Fountain Designs Never Built

Of course, the legacy of fountain design also includes multiple drawings of fountains that were proposed, but never built, and therefore remain purely imaginary conceptions. Occasionally, a never-built drawing serves as a nest of new ideas for succeeding generations. The original fountain designs that never bear fruit often hint at concerns of the designer. A fountain designer might ask specifically, how will the fountain appear in a specific setting? Or how will the fountain structure interact with various water effects? All some designers are concerned with how best can a fountain achieve its symbolic form, a festive spectacle, or is it based in utilitarian function? Almost universally, fountain designers considered design ramifications only after the creative aspects have been addressed. There is no question that fountain designers have always looked to historical precedents as sources for ideas and inventive forms and designs. Bernini's Triton fountain has inspired many artists, fountain designers and architects throughout the millennium.

The Roman architect Marchione was well known for using drawings to develop his fountain designs. In the mid-1700s Marchione received a commission for his first large project, which consisted of the design of a villa and gardens, and fountains for his patron the Cardinal Alessandro Albani. The Villa Albani was intended to showcase the Cardinal splendid collection of classical antiquities. Among Marchione’s accomplished designs for the villa is a drawing for a Pegasus fountain simulating a naturalistic landscape with a statue of a mythical horse tapping its hoof on rocks arched over a stream. This was to be the first fountain based on classical mythology in the area.

A contemporary of Marchione, an 18th-century architect named Giuseppe Barberi, received few actual commissions, but unleashed a torrent of restless artistic energy in fluid applications and fountain designs which never left pen and paper. Among his many fountain designs are ideas for enhancing plazas with multiple urban landmarks, many featuring the river gods and huge jets of water, a traditional fountain form that may have been promoted by Bernini's Fountain of the Four Rivers, or by antique statues of river gods which dotted the landscape.

In modern times, fountain designers have sought to update past styles of fountains with modern architectural sensibilities. Modern French Garden designers are reviving French classical Garden design, but simplifying it to a new modest scale, and using new materials, and defining spaces differently, for instance using concrete walls.

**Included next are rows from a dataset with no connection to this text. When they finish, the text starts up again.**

lemma card_inv_seqs_split:
  "card {s \<in> inv_seqs (m + k). Q s} = (\<Sum>u\<in>inv_seqs m. card {c \<in> inv_tails m k. Q (u @ c)})"
proof -
  let ?S = "Sigma (inv_seqs m) (\<lambda>u. {c \<in> inv_tails m k. Q (u @ c)})"
  have "bij_betw (\<lambda>(u, c). u @ c) ?S {s \<in> inv_seqs (m + k). Q s}"
  proof (rule bij_betwI[where g = "\<lambda>s. (take m s, drop m s)"])
    show "(\<lambda>(u, c). u @ c) \<in> ?S \<rightarrow> {s \<in> inv_seqs (m + k). Q s}"
      using append_in_inv_seqs_iff by (auto simp: length_inv_seqs)
    show "(\<lambda>s. (take m s, drop m s)) \<in> {s \<in> inv_seqs (m + k). Q s} \<rightarrow> ?S"
    proof
      fix s assume s: "s \<in> {s \<in> inv_seqs (m + k). Q s}"
      then have "take m s @ drop m s \<in> inv_seqs (m + k)" "length (take m s) = m"
        by (auto simp: length_inv_seqs)
      with s show "(take m s, drop m s) \<in> ?S" by (simp only: append_in_inv_seqs_iff) simp
    qed
  qed (auto simp: length_inv_seqs)
  then have "card {s \<in> inv_seqs (m + k). Q s} = card ?S" by (simp add: bij_betw_same_card)
  also have "\<dots> = (\<Sum>u\<in>inv_seqs m. card {c \<in> inv_tails m k. Q (u @ c)})"
    by (rule card_SigmaI) (auto simp: finite_inv_seqs intro: finite_subset[OF _ finite_inv_tails])
  finally show ?thesis .
qed

section \<open>Hybrid statistics\<close>

definition bump :: "nat \<Rightarrow> nat \<Rightarrow> nat" where
  "bump v y = (if v \<le> y then Suc y else y)"

lemma bump_less_iff [simp]: "bump v a < bump v b \<longleftrightarrow> a < b"
  by (auto simp: bump_def)

lemma bump_neq [simp]: "bump v y \<noteq> v"
  by (simp add: bump_def)

lemma inj_bump: "inj (bump v)"
  by (rule injI) (auto simp: bump_def split: if_splits)
(* Let $d_n^B(x;1/2)$ be defined by $\sum_{n\ge0}d_n^B(x;1/2)\frac{z^n}{n!}=\left(\frac{(1-x)e^{z/2}}{e^{xz}-xe^{z}}\right)^{2}$. For $n\geq1$, $$d_n^B(x;1/2)=\frac{1}{x}d_{n+1}(x)+d_n(x),$$ and $$d_n^B(x;1/2)=\sum_{\pi\in\mathfrak{S}_{n+1}^s}x^{\mathrm{asc}(\pi)}.$$
   Context: $d_n(x)=\sum_{\pi}x^{\mathrm{exc}(\pi)}$ is the classical derangement polynomial, the sum over permutations $\pi\in\mathfrak{S}_n$ with no fixed points, where $\mathrm{exc}(\pi)=\#\{i:\pi(i)>i\}$ (with $d_0(x)=1$). For $\pi\in\mathfrak{S}_n$, an ascent is $i\in[n-1]$ with $\pi(i)<\pi(i+1)$, $\mathrm{asc}(\pi)$ is the number of ascents, and a succession is $i\in[n-1]$ with $\pi(i+1)=\pi(i)+1$; $\mathfrak{S}_n^s$ is the set of permutations in $\mathfrak{S}_n$ with no successions. *)

theory Defs
  imports "HOL-Combinatorics.Combinatorics" "HOL-Computational_Algebra.Formal_Power_Series"
begin

text \<open>Permutations of [n] = {1..n} are functions permuting {1..n} (identity outside).\<close>

definition exc :: "nat \<Rightarrow> (nat \<Rightarrow> nat) \<Rightarrow> nat" where
  "exc n p = card {i \<in> {1..n}. p i > i}"

definition asc :: "nat \<Rightarrow> (nat \<Rightarrow> nat) \<Rightarrow> nat" where
  "asc n p = card {i \<in> {1..<n}. p i < p (i + 1)}"

definition no_succession :: "nat \<Rightarrow> (nat \<Rightarrow> nat) \<Rightarrow> bool" where
  "no_succession n p \<longleftrightarrow> (\<forall>i \<in> {1..<n}. p (i + 1) \<noteq> p i + 1)"

definition derangement_poly :: "nat \<Rightarrow> real \<Rightarrow> real" where
  "derangement_poly n x =
     (\<Sum>p \<in> {p. p permutes {1..n} \<and> (\<forall>i \<in> {1..n}. p i \<noteq> i)}. x ^ exc n p)"

text \<open>d_n^B(x;1/2) via its exponential generating function in z, for fixed real x \<noteq> 1.\<close>
definition dB_half :: "nat \<Rightarrow> real \<Rightarrow> real" where
  "dB_half n x = fact n * fps_nth
     ((fps_const (1 - x) * fps_exp (1/2) / (fps_exp x - fps_const x * fps_exp 1)) ^ 2) n"

end

(*
  Both identities come from recurrences obtained by inserting the letter n + 1 into a permutation
  of [n]: into a cycle (composing with a transposition), which tracks excedances and fixed points,
  or into the one-line notation at some position, which tracks ascents and successions.  By strong
  induction these recurrences yield the decompositions of all permutations by their fixed points
  (resp. successions) into derangements (resp. succession-free permutations), and with them
  three-term recurrences for d_n(x) and for the ascent polynomial of succession-free permutations;
  comparing the two gives that the latter, on [n + 1], equals d_(n+1)(x)/x + d_n(x).

  For the generating function D(z) = sum d_n(x) z^n/n!, the fixed-point decomposition together
  with the equidistribution of weak excedances and excedances plus one gives
  D(z) (e^(xz) - x e^z) = 1 - x.  Differentiating, D' + x D = x D^2 e^z, and D^2 e^z is exactly the
  series defining d_n^B(x;1/2); comparing coefficients of z^n gives the first identity.
*)

theory Submission
  imports Defs
begin

definition perms :: "nat \<Rightarrow> (nat \<Rightarrow> nat) set" where
  "perms n = {p. p permutes {1..n}}"

type_synonym perm_stat = "nat \<Rightarrow> (nat \<Rightarrow> nat) \<Rightarrow> nat"

definition fixpts :: perm_stat where
  "fixpts n p = card {i \<in> {1..n}. p i = i}"

definition succs :: perm_stat where
  "succs n p = card {i \<in> {1..<n}. p (i + 1) = p i + 1}"

definition stat_sum :: "perm_stat \<Rightarrow> perm_stat \<Rightarrow> nat \<Rightarrow> (nat \<Rightarrow> nat \<Rightarrow> real) \<Rightarrow> real" where
  "stat_sum s t n G = (\<Sum>p\<in>perms n. G (s n p) (t n p))"

definition stat_sum0 :: "perm_stat \<Rightarrow> perm_stat \<Rightarrow> nat \<Rightarrow> (nat \<Rightarrow> real) \<Rightarrow> real" where
  "stat_sum0 s t n g = stat_sum s t n (\<lambda>a b. if b = 0 then g a else 0)"

abbreviation derangement_sum :: "nat \<Rightarrow> (nat \<Rightarrow> real) \<Rightarrow> real" where
  "derangement_sum \<equiv> stat_sum0 exc fixpts"

abbreviation no_succ_sum :: "nat \<Rightarrow> (nat \<Rightarrow> real) \<Rightarrow> real" where
  "no_succ_sum \<equiv> stat_sum0 asc succs"

lemma finite_perms [simp]: "finite (perms n)"
  by (simp add: perms_def finite_permutations)

lemma perms_0: "perms 0 = {id}"
  and perms_1: "perms (Suc 0) = {id}"
  by (auto simp: perms_def)

lemma stat_sum_0: "stat_sum s t 0 G = G (s 0 id) (t 0 id)"
  by (simp add: stat_sum_def perms_0)

lemma stat_sum_1: "stat_sum s t (Suc 0) G = G (s (Suc 0) id) (t (Suc 0) id)"
  by (simp add: stat_sum_def perms_1)

lemma exc_0: "exc 0 p = 0"
  and fixpts_0: "fixpts 0 p = 0"
  and asc_1: "asc (Suc 0) p = 0"
  and succs_1: "succs (Suc 0) p = 0"
  by (simp_all add: exc_def fixpts_def asc_def succs_def)

lemma stat_sum_add: "stat_sum s t n (\<lambda>a b. G a b + H a b) = stat_sum s t n G + stat_sum s t n H"
  by (simp add: stat_sum_def sum.distrib)

lemma stat_sum0_add: "stat_sum0 s t n (\<lambda>a. g a + h a) = stat_sum0 s t n g + stat_sum0 s t n h"
  by (auto simp: stat_sum0_def stat_sum_def sum.distrib[symmetric] intro!: sum.cong)

lemma stat_sum0_cmult: "stat_sum0 s t n (\<lambda>a. c * g a) = c * stat_sum0 s t n g"
  by (auto simp: stat_sum0_def stat_sum_def sum_distrib_left intro!: sum.cong)

lemma stat_sum0_zero: "stat_sum0 s t n (\<lambda>a. 0) = 0"
  using stat_sum0_cmult[of s t n 0 "\<lambda>a. 0"] by simp

lemma stat_sum0_if: "stat_sum0 s t n (\<lambda>a. if P then g a else 0) = (if P then stat_sum0 s t n g else 0)"
  by (simp add: stat_sum0_zero)

lemma stat_sum0_eq_sum: "stat_sum0 s t n g = (\<Sum>p \<in> {p \<in> perms n. t n p = 0}. g (s n p))"
  by (simp add: stat_sum0_def stat_sum_def sum.inter_filter)

lemma sum_if_three_classes:
  fixes a b c :: "'a :: comm_ring_1"
  assumes "finite U" "A \<subseteq> U" "F \<subseteq> U" "A \<inter> F = {}"
  shows "(\<Sum>i\<in>U. if i \<in> A then a else if i \<in> F then b else c)
       = of_nat (card A) * a + of_nat (card F) * b + (of_nat (card U) - of_nat (card A) - of_nat (card F)) * c"
proof -
  have fin: "finite A" "finite F"
    using assms by (auto intro: finite_subset)
  have "(\<Sum>i\<in>U. if i \<in> A then a else if i \<in> F then b else c)
      = (\<Sum>i\<in>A \<union> F. if i \<in> A then a else b) + (\<Sum>i\<in>U - (A \<union> F). c)"
    using assms by (subst sum.subset_diff[of "A \<union> F" U]) (auto intro!: sum.cong)
  also have "(\<Sum>i\<in>A \<union> F. if i \<in> A then a else b) = (\<Sum>i\<in>A. a) + (\<Sum>i\<in>F. if i \<in> A then a else b)"
    using assms fin by (simp add: sum.union_disjoint)
  also have "(\<Sum>i\<in>F. if i \<in> A then a else b) = (\<Sum>i\<in>F. b)"
    using assms by (intro sum.cong) auto
  also have "card (U - (A \<union> F)) = card U - (card A + card F)" "card A + card F \<le> card U"
    using assms fin card_mono[of U "A \<union> F"] by (simp_all add: card_Diff_subset card_Un_disjoint)
  ultimately show ?thesis
    by (simp add: of_nat_diff algebra_simps)
qed

lemma sum_if_four_classes:
  fixes a b c d :: "'a :: comm_ring_1"
  assumes "finite U" "C \<subseteq> A" "A \<subseteq> U" "B \<subseteq> U" "A \<inter> B = {}"
  shows "(\<Sum>i\<in>U. if i \<in> C then c else if i \<in> A then a else if i \<in> B then b else d)
       = of_nat (card C) * c + (of_nat (card A) - of_nat (card C)) * a + of_nat (card B) * b
         + (of_nat (card U) - of_nat (card A) - of_nat (card B)) * d"
proof -
  have "(\<Sum>i\<in>U. if i \<in> C then c else if i \<in> A then a else if i \<in> B then b else d)
      = (\<Sum>i\<in>U. if i \<in> C then c - a else 0) + (\<Sum>i\<in>U. if i \<in> A then a else if i \<in> B then b else d)"
    using assms by (subst sum.distrib[symmetric]) (auto intro!: sum.cong)
  also have "(\<Sum>i\<in>U. if i \<in> C then c - a else 0) = of_nat (card C) * (c - a)"
    using assms by (simp add: sum.If_cases Int_absorb1)
  finally show ?thesis
    using assms by (simp add: sum_if_three_classes algebra_simps)
qed
(* Let $q$ be a real number with $q\notin\{0,1,-1\}$ and let $a,b\in\mathbb{C}$. Then, as identities of formal power series in $z$ (hence for $z$ in a neighborhood of $0$): (1) $\mathrm{E}_q(a,b;z)\,\mathrm{E}_q(b,a;-z)=1$; (2) $\mathrm{E}_{q^{-1}}(a,b;z)=\mathrm{E}_q(b,a;z)$; (3) $\mathrm{E}_q(1,-q;z)=\frac{1}{1-(1-q)z}$; (4) $\mathrm{E}_q(-q,1;z)=1+(1-q)z$.
   Context: $[n]_q=\frac{1-q^n}{1-q}$, $[0]_q!=1$, $[n]_q!=\prod_{k=1}^n[k]_q$. $(a\oplus b)^0_{1,q}=1$, $(a\oplus b)^n_{1,q}=\prod_{i=0}^{n-1}(a+bq^i)$. $\mathrm{E}_q(a,b;z)=\sum_{n=0}^\infty(a\oplus b)^n_{1,q}\frac{z^n}{[n]_q!}$. *)

theory Defs
  imports "HOL-Computational_Algebra.Formal_Power_Series"
begin

definition qint :: "real \<Rightarrow> nat \<Rightarrow> real" where
  "qint q n = (1 - q ^ n) / (1 - q)"

definition qfact :: "real \<Rightarrow> nat \<Rightarrow> real" where
  "qfact q n = (\<Prod>k = 1..n. qint q k)"

definition qpow :: "complex \<Rightarrow> complex \<Rightarrow> real \<Rightarrow> nat \<Rightarrow> complex" where
  "qpow a b q n = (\<Prod>i<n. a + b * complex_of_real q ^ i)"

definition Eq :: "real \<Rightarrow> complex \<Rightarrow> complex \<Rightarrow> complex fps" where
  "Eq q a b = Abs_fps (\<lambda>n. qpow a b q n / complex_of_real (qfact q n))"

end

theory Submission
  imports Defs
begin

(* Write D f for the dilation f(z) |-> f(q z). The coefficient recurrence of E_q(a,b) is the
   q-difference equation f - D f = (1 - q) z (a f + b D f), and substituting z |-> -z turns the
   equation of E_q(b,a) into the same one with (1 - q) negated. For the product h of the two
   series this gives (1 - (1 - q) a z) (h - D h) = 0, so h = D h; as q^n <> 1 for n > 0, only
   the constant term 1 of h survives. The remaining identities hold because a series with
   constant term 1 is determined by the recurrence. *)

unbundle fps_syntax

definition fps_dilate :: "'a::comm_ring_1 \<Rightarrow> 'a fps \<Rightarrow> 'a fps" where
  "fps_dilate c f = f oo (fps_const c * fps_X)"

definition q_difference_eq :: "'a::comm_ring_1 \<Rightarrow> 'a \<Rightarrow> 'a \<Rightarrow> 'a \<Rightarrow> 'a fps \<Rightarrow> bool" where
  "q_difference_eq c k a b f \<longleftrightarrow>
     f - fps_dilate c f = fps_const k * fps_X * (fps_const a * f + fps_const b * fps_dilate c f)"

lemma fps_dilate_nth [simp]: "fps_dilate c f $ n = c ^ n * f $ n"
  by (simp add: fps_dilate_def)

lemma fps_dilate_mult:
  fixes f g :: "'a::idom fps"
  shows "fps_dilate c (f * g) = fps_dilate c f * fps_dilate c g"
  by (simp add: fps_dilate_def fps_compose_mult_distrib)

lemma fps_dilate_compose_uminus_X:
  fixes f :: "'a::comm_ring_1 fps"
  shows "fps_dilate c f oo - fps_X = fps_dilate c (f oo - fps_X)"
  by (simp add: fps_eq_iff fps_compose_uminus' mult.left_commute)

lemma fps_dilate_fixed_imp_const:
  fixes h :: "'a::idom fps"
  assumes "fps_dilate c h = h" and "\<And>n. n > 0 \<Longrightarrow> c ^ n \<noteq> 1"
  shows "h = fps_const (h $ 0)"
proof (rule fps_ext)
  fix n
  show "h $ n = fps_const (h $ 0) $ n"
  proof (cases "n = 0")
    case False
    from assms(1) have "(1 - c ^ n) * h $ n = 0"
      by (metis fps_dilate_nth left_diff_distrib mult_1 right_minus_eq)
    with assms(2) False show ?thesis by simp
  qed simp
qed

lemma q_difference_eq_compose_uminus_X:
  fixes f :: "'a::idom fps"
  assumes "q_difference_eq c k a b f"
  shows "q_difference_eq c (- k) a b (f oo - fps_X)"
proof -
  have "(f oo - fps_X) - fps_dilate c (f oo - fps_X) = (f - fps_dilate c f) oo - fps_X"
    by (simp add: fps_compose_sub_distrib fps_dilate_compose_uminus_X)
  also have "\<dots> = (fps_const k * fps_X * (fps_const a * f + fps_const b * fps_dilate c f)) oo - fps_X"
    using assms by (simp add: q_difference_eq_def)
  also have "\<dots> = - (fps_const k * fps_X
      * (fps_const a * (f oo - fps_X) + fps_const b * fps_dilate c (f oo - fps_X)))"
    by (simp add: fps_compose_mult_distrib fps_compose_add_distrib fps_dilate_compose_uminus_X)
  finally show ?thesis by (simp add: q_difference_eq_def flip: fps_const_neg)
qed

lemma q_difference_eq_mult_fixed:
  fixes f g :: "'a::idom fps"
  assumes "q_difference_eq c k a b f" and "q_difference_eq c (- k) b a g"
  shows "fps_dilate c (f * g) = f * g"
proof -
  define h where "h = f * g"
  note f = assms(1)[unfolded q_difference_eq_def] and g = assms(2)[unfolded q_difference_eq_def]
  have "h - fps_dilate c h = (f - fps_dilate c f) * g + fps_dilate c f * (g - fps_dilate c g)"
    by (simp add: h_def fps_dilate_mult algebra_simps)
  also have "\<dots> = fps_const k * fps_X * (fps_const a * f + fps_const b * fps_dilate c f) * g
      + fps_dilate c f * (fps_const (- k) * fps_X * (fps_const b * g + fps_const a * fps_dilate c g))"
    by (simp only: f g)
  also have "\<dots> = fps_const (k * a) * fps_X * (h - fps_dilate c h)"
    by (simp add: h_def fps_dilate_mult algebra_simps flip: fps_const_neg fps_const_mult)
  finally have "(1 - fps_const (k * a) * fps_X) * (h - fps_dilate c h) = 0"
    by (simp add: algebra_simps)
  moreover have "1 - fps_const (k * a) * fps_X \<noteq> 0"
  proof
    assume "1 - fps_const (k * a) * fps_X = 0"
    then have "(1 - fps_const (k * a) * fps_X) $ 0 = 0" by (simp only: fps_zero_nth)
    then show False by simp
  qed
  ultimately show ?thesis
    by (simp add: h_def)
qed

lemma of_real_power_ne_one:
  fixes q :: real
  assumes "q \<noteq> 1" and "q \<noteq> -1" and "n > 0"
  shows "(of_real q :: 'a::real_normed_div_algebra) ^ n \<noteq> 1"
  using power_eq_1_iff[of "of_real q :: 'a" n] assms by auto

lemma qint_nonzero:
  assumes "q \<noteq> 1" and "q \<noteq> -1" and "n > 0"
  shows "qint q n \<noteq> 0"
  using of_real_power_ne_one[OF assms, where 'a=real] assms by (simp add: qint_def)

lemma Eq_nth: "Eq q a b $ n = qpow a b q n / of_real (qfact q n)"
  by (simp add: Eq_def)

lemma Eq_nth_0 [simp]: "Eq q a b $ 0 = 1"
  by (simp add: Eq_nth qpow_def qfact_def)

lemma Eq_nth_Suc:
  "Eq q a b $ Suc n = Eq q a b $ n * (a + b * of_real q ^ n) / of_real (qint q (Suc n))"
  by (simp add: Eq_nth qpow_def qfact_def prod.nat_ivl_Suc')

lemma Eq_nth_Suc_recurrence:
  assumes "q \<noteq> 1" and "q \<noteq> -1"
  shows "of_real (1 - q ^ Suc n) * Eq q a b $ Suc n
    = of_real (1 - q) * (a + b * of_real q ^ n) * Eq q a b $ n"
proof -
  have "1 - q ^ Suc n = (1 - q) * qint q (Suc n)"
    using assms(1) by (simp add: qint_def)
  then have "complex_of_real (1 - q ^ Suc n) = of_real (1 - q) * of_real (qint q (Suc n))"
    by (metis of_real_mult)
  with qint_nonzero[OF assms, of "Suc n"] show ?thesis
    by (simp add: Eq_nth_Suc)
qed

lemma Eq_eq_Abs_fps:
  assumes "q \<noteq> 1" and "q \<noteq> -1" and "s 0 = 1"
    and "\<And>n. of_real (1 - q ^ Suc n) * s (Suc n) = of_real (1 - q) * (a + b * of_real q ^ n) * s n"
  shows "Eq q a b = Abs_fps s"
proof -
  have "Eq q a b $ n = s n" for n
  proof (induction n)
    case (Suc n)
    have "of_real (1 - q ^ Suc n) \<noteq> (0 :: complex)"
      using of_real_power_ne_one[OF assms(1,2), of "Suc n", where 'a=complex] by simp
    with Eq_nth_Suc_recurrence[OF assms(1,2)] assms(4) Suc show ?case
      by (metis mult_left_cancel)
  qed (simp add: assms(3))
  then show ?thesis by (simp add: fps_eq_iff)
qed

lemma Eq_q_difference_eq:
  assumes "q \<noteq> 1" and "q \<noteq> -1"
  shows "q_difference_eq (of_real q) (of_real (1 - q)) a b (Eq q a b)"
  unfolding q_difference_eq_def
proof (rule fps_ext)
  fix n
  show "(Eq q a b - fps_dilate (of_real q) (Eq q a b)) $ n
    = (fps_const (of_real (1 - q)) * fps_X
       * (fps_const a * Eq q a b + fps_const b * fps_dilate (of_real q) (Eq q a b))) $ n"
  proof (cases n)
    case (Suc m)
    then show ?thesis
      using Eq_nth_Suc_recurrence[OF assms, of m a b] by (simp add: algebra_simps)
  qed simp
qed

lemma Eq_mult_Eq_reflect:
  assumes "q \<noteq> 1" and "q \<noteq> -1"
  shows "Eq q a b * (Eq q b a oo - fps_X) = 1"
proof -
  let ?h = "Eq q a b * (Eq q b a oo - fps_X)"
  have "fps_dilate (of_real q) ?h = ?h"
    using q_difference_eq_mult_fixed Eq_q_difference_eq[OF assms]
      q_difference_eq_compose_uminus_X[OF Eq_q_difference_eq[OF assms]] by blast
  moreover have "complex_of_real q ^ n \<noteq> 1" if "n > 0" for n
    using of_real_power_ne_one[OF assms that] .
  ultimately have "?h = fps_const (?h $ 0)"
    by (rule fps_dilate_fixed_imp_const)
  then show ?thesis by simp
qed

lemma Eq_inverse_base:
  assumes "q \<noteq> 0" and "q \<noteq> 1" and "q \<noteq> -1"
  shows "Eq (inverse q) a b = Eq q b a"
proof -
  have inv: "inverse q \<noteq> 1" "inverse q \<noteq> -1"
    using assms by (metis inverse_1 inverse_inverse_eq inverse_minus_eq)+
  have "Eq q b a = Abs_fps (fps_nth (Eq (inverse q) a b))"
  proof (rule Eq_eq_Abs_fps[OF assms(2,3)])
    fix n
    have "of_real (1 - inverse q ^ Suc n) * Eq (inverse q) a b $ Suc n
      = of_real (1 - inverse q) * (a + b * of_real (inverse q) ^ n) * Eq (inverse q) a b $ n"
      by (rule Eq_nth_Suc_recurrence[OF inv])
    then show "of_real (1 - q ^ Suc n) * Eq (inverse q) a b $ Suc n
      = of_real (1 - q) * (b + a * of_real q ^ n) * Eq (inverse q) a b $ n"
      using assms(1) by (simp add: field_simps power_inverse)
  qed simp
  then show ?thesis by (simp add: fps_nth_inverse)
qed

lemma Eq_1_neg_q:
  assumes "q \<noteq> 1" and "q \<noteq> -1"
  shows "Eq q 1 (- of_real q) = inverse (1 - fps_const (of_real (1 - q)) * fps_X)"
proof -
  have E: "Eq q 1 (- of_real q) = Abs_fps (\<lambda>n. of_real (1 - q) ^ n)"
    by (rule Eq_eq_Abs_fps[OF assms]) (simp_all add: algebra_simps)
  have "(1 - fps_const (of_real (1 - q)) * fps_X) * Abs_fps (\<lambda>n. of_real (1 - q) ^ n) = 1"
    by (auto simp: fps_eq_iff algebra_simps gr0_conv_Suc)
  then show ?thesis
    unfolding E by (rule fps_inverse_unique [symmetric])
qed

lemma Eq_neg_q_1:
  assumes "q \<noteq> 1" and "q \<noteq> -1"
  shows "Eq q (- of_real q) 1 = 1 + fps_const (of_real (1 - q)) * fps_X"
proof -
  have "Eq q (- of_real q) 1 = Abs_fps (fps_nth (1 + fps_const (of_real (1 - q)) * fps_X))"
  proof (rule Eq_eq_Abs_fps[OF assms])
    fix n
    show "of_real (1 - q ^ Suc n) * (1 + fps_const (of_real (1 - q)) * fps_X) $ Suc n
      = of_real (1 - q) * (- of_real q + 1 * of_real q ^ n) * (1 + fps_const (of_real (1 - q)) * fps_X) $ n"
      by (cases n) (simp_all add: algebra_simps)
  qed simp
  then show ?thesis by (simp add: fps_nth_inverse)
qed

theorem mainTheorem15:
  fixes q :: real and a b :: complex
  assumes "q \<noteq> 0" and "q \<noteq> 1" and "q \<noteq> -1"
  shows "Eq q a b * (Eq q b a oo (- fps_X)) = 1
       \<and> Eq (inverse q) a b = Eq q b a
       \<and> Eq q 1 (- complex_of_real q) = inverse (1 - fps_const (complex_of_real (1 - q)) * fps_X)
       \<and> Eq q (- complex_of_real q) 1 = 1 + fps_const (complex_of_real (1 - q)) * fps_X"
  using Eq_mult_Eq_reflect[OF assms(2,3)] Eq_inverse_base[OF assms]
    Eq_1_neg_q[OF assms(2,3)] Eq_neg_q_1[OF assms(2,3)]
  by blast

end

Many modern concept drawings propose secluded salons (or outdoor rooms) where people can enjoy tranquility in the midst of a larger public garden. Normally, the central focus is a figurative water fountain, a personification of a water source, with water falling from the earned onto a decorative shoulder, and to symmetrical trellises housing columns formed into fountains for drinking or handwashing.

Many contemporary fountain designers continue the practice of drawing regularly in personal sketchbooks record observations from nature and to jot down ideas for fountain designs. For decades, American designers have sketched movie watery mountain streams, and coastal shores. Even the most modern engineering firms, while designing fountains, normally start their design process with a series whole of a musty foolish it is sketchbook drawings. Often, the drawing show plans for different playful water effects, but some show the designer working out how to use technology to click to read more create the desired water action, such as giant leaping arcs of water. With the use of modern computer technology, a fountain designer can then translate these drawings and sketches into hydraulic realities and the sketches into actual fountains.